The problem -> For every line in the data below, check for the word "where", then state how many lines have it. Answer with the number only.

------------------------------------

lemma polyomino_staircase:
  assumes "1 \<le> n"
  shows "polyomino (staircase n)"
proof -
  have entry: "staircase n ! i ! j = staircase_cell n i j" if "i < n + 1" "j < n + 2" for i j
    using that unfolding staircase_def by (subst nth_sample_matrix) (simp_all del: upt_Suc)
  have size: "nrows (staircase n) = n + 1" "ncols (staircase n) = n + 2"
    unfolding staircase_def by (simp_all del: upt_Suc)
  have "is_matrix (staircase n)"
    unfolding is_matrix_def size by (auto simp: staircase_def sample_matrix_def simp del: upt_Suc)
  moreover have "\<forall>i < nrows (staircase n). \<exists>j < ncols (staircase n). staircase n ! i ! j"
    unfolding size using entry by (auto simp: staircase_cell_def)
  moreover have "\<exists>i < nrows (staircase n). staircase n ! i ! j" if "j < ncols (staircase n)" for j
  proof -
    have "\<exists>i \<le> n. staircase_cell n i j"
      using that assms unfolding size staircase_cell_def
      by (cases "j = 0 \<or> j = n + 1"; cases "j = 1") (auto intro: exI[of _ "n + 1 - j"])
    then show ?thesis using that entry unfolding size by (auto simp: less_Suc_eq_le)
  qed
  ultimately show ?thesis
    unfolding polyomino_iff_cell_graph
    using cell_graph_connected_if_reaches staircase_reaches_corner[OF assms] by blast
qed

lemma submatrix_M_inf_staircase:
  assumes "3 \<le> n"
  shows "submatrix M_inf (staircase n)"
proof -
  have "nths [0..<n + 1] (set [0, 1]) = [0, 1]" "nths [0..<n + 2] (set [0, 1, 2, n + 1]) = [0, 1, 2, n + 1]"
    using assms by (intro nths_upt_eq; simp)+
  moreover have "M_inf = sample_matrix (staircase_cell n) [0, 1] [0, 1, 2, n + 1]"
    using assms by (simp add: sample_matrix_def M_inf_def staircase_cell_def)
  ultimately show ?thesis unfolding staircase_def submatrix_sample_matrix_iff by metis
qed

------------------------------------

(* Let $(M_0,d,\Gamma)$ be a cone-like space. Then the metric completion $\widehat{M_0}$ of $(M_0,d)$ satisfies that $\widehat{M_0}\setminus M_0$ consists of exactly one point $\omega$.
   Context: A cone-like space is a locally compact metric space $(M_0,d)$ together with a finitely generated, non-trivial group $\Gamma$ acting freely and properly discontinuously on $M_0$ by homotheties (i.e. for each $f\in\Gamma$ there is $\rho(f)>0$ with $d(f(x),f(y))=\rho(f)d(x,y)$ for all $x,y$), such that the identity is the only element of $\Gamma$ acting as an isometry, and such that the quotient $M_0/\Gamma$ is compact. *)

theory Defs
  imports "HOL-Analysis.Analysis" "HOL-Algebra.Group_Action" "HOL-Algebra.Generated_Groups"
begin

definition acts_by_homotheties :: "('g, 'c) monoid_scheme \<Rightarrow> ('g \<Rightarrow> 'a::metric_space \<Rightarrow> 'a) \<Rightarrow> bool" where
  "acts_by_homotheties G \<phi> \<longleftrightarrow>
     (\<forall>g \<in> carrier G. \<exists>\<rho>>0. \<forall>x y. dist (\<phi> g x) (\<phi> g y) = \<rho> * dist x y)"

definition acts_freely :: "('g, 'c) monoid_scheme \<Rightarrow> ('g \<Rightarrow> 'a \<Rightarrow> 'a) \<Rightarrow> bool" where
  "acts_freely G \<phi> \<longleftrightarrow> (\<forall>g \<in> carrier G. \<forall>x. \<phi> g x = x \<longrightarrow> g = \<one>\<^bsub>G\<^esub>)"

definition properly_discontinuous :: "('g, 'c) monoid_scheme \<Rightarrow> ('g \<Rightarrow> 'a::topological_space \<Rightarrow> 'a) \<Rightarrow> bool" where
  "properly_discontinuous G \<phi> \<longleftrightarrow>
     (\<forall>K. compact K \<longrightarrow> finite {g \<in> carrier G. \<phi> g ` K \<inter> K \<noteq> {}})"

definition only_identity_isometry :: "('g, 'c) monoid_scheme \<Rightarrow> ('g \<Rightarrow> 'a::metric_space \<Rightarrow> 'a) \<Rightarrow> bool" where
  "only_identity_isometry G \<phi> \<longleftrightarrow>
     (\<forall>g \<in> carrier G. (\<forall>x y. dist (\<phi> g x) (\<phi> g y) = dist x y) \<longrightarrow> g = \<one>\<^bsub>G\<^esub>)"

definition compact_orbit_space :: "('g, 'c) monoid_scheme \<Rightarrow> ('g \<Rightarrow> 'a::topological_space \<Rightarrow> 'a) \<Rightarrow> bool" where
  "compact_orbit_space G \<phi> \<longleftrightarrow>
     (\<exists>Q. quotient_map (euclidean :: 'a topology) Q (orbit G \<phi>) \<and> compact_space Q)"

------------------------------------

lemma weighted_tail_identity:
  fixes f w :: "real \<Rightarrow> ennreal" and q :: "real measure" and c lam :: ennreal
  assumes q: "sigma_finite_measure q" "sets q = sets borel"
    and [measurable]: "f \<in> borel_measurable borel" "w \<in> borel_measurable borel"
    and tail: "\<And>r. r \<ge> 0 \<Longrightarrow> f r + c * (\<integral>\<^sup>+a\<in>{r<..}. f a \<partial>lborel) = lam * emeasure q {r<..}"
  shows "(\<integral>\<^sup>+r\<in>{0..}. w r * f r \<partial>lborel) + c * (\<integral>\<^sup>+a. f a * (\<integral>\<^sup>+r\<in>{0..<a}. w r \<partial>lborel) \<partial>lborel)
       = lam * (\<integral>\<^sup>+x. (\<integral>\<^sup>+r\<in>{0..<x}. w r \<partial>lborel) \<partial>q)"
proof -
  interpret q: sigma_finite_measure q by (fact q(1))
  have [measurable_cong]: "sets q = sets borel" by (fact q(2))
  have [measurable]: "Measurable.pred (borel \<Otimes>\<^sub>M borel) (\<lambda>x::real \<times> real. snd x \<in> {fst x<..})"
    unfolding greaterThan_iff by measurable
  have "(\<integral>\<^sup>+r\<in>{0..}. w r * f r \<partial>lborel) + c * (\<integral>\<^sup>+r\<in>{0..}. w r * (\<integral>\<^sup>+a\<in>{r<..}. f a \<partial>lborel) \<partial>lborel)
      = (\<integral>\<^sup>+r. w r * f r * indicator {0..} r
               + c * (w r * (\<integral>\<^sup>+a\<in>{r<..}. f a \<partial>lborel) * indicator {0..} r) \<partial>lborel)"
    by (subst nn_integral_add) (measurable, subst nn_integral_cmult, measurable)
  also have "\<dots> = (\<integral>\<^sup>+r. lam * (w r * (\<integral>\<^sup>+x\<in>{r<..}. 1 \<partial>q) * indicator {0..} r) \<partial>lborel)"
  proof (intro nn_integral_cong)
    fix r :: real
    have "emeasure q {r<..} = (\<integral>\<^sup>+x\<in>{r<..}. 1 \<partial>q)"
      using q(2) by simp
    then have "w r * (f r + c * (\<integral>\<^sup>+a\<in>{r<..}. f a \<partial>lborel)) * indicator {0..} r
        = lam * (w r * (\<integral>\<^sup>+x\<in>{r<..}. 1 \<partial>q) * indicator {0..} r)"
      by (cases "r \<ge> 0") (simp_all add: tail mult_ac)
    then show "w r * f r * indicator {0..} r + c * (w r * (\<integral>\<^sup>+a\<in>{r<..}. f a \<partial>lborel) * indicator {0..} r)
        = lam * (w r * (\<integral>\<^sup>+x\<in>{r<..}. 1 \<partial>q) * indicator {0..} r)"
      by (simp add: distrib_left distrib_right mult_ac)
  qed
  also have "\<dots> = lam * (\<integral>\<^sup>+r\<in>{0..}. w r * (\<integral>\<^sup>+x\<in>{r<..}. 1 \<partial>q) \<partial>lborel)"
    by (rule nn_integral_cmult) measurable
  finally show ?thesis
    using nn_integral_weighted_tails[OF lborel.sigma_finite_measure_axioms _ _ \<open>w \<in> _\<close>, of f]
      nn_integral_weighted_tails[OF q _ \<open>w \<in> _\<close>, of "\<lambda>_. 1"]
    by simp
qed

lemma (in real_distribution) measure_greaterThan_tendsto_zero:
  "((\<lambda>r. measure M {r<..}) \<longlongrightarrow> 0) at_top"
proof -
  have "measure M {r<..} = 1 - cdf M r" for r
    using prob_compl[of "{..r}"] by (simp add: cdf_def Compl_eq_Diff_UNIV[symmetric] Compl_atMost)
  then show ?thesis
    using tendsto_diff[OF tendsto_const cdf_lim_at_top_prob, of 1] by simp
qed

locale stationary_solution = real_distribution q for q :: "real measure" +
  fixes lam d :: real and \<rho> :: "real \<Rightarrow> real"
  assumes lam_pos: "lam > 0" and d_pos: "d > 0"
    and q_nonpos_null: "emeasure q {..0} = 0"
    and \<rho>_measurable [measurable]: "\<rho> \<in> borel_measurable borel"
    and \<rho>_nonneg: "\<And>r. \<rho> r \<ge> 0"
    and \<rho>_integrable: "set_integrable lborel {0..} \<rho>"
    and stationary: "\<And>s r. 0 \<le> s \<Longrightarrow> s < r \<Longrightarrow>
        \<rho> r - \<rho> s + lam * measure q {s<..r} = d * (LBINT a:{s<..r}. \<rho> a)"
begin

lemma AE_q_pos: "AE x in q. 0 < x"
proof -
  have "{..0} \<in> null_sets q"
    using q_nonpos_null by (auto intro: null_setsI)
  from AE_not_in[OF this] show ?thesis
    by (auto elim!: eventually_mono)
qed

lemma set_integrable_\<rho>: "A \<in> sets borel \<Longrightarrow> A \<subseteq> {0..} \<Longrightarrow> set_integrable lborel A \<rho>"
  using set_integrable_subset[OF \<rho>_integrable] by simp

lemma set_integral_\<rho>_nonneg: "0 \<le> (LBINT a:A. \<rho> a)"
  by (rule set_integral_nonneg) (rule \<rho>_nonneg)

------------------------------------

Finished task -> 5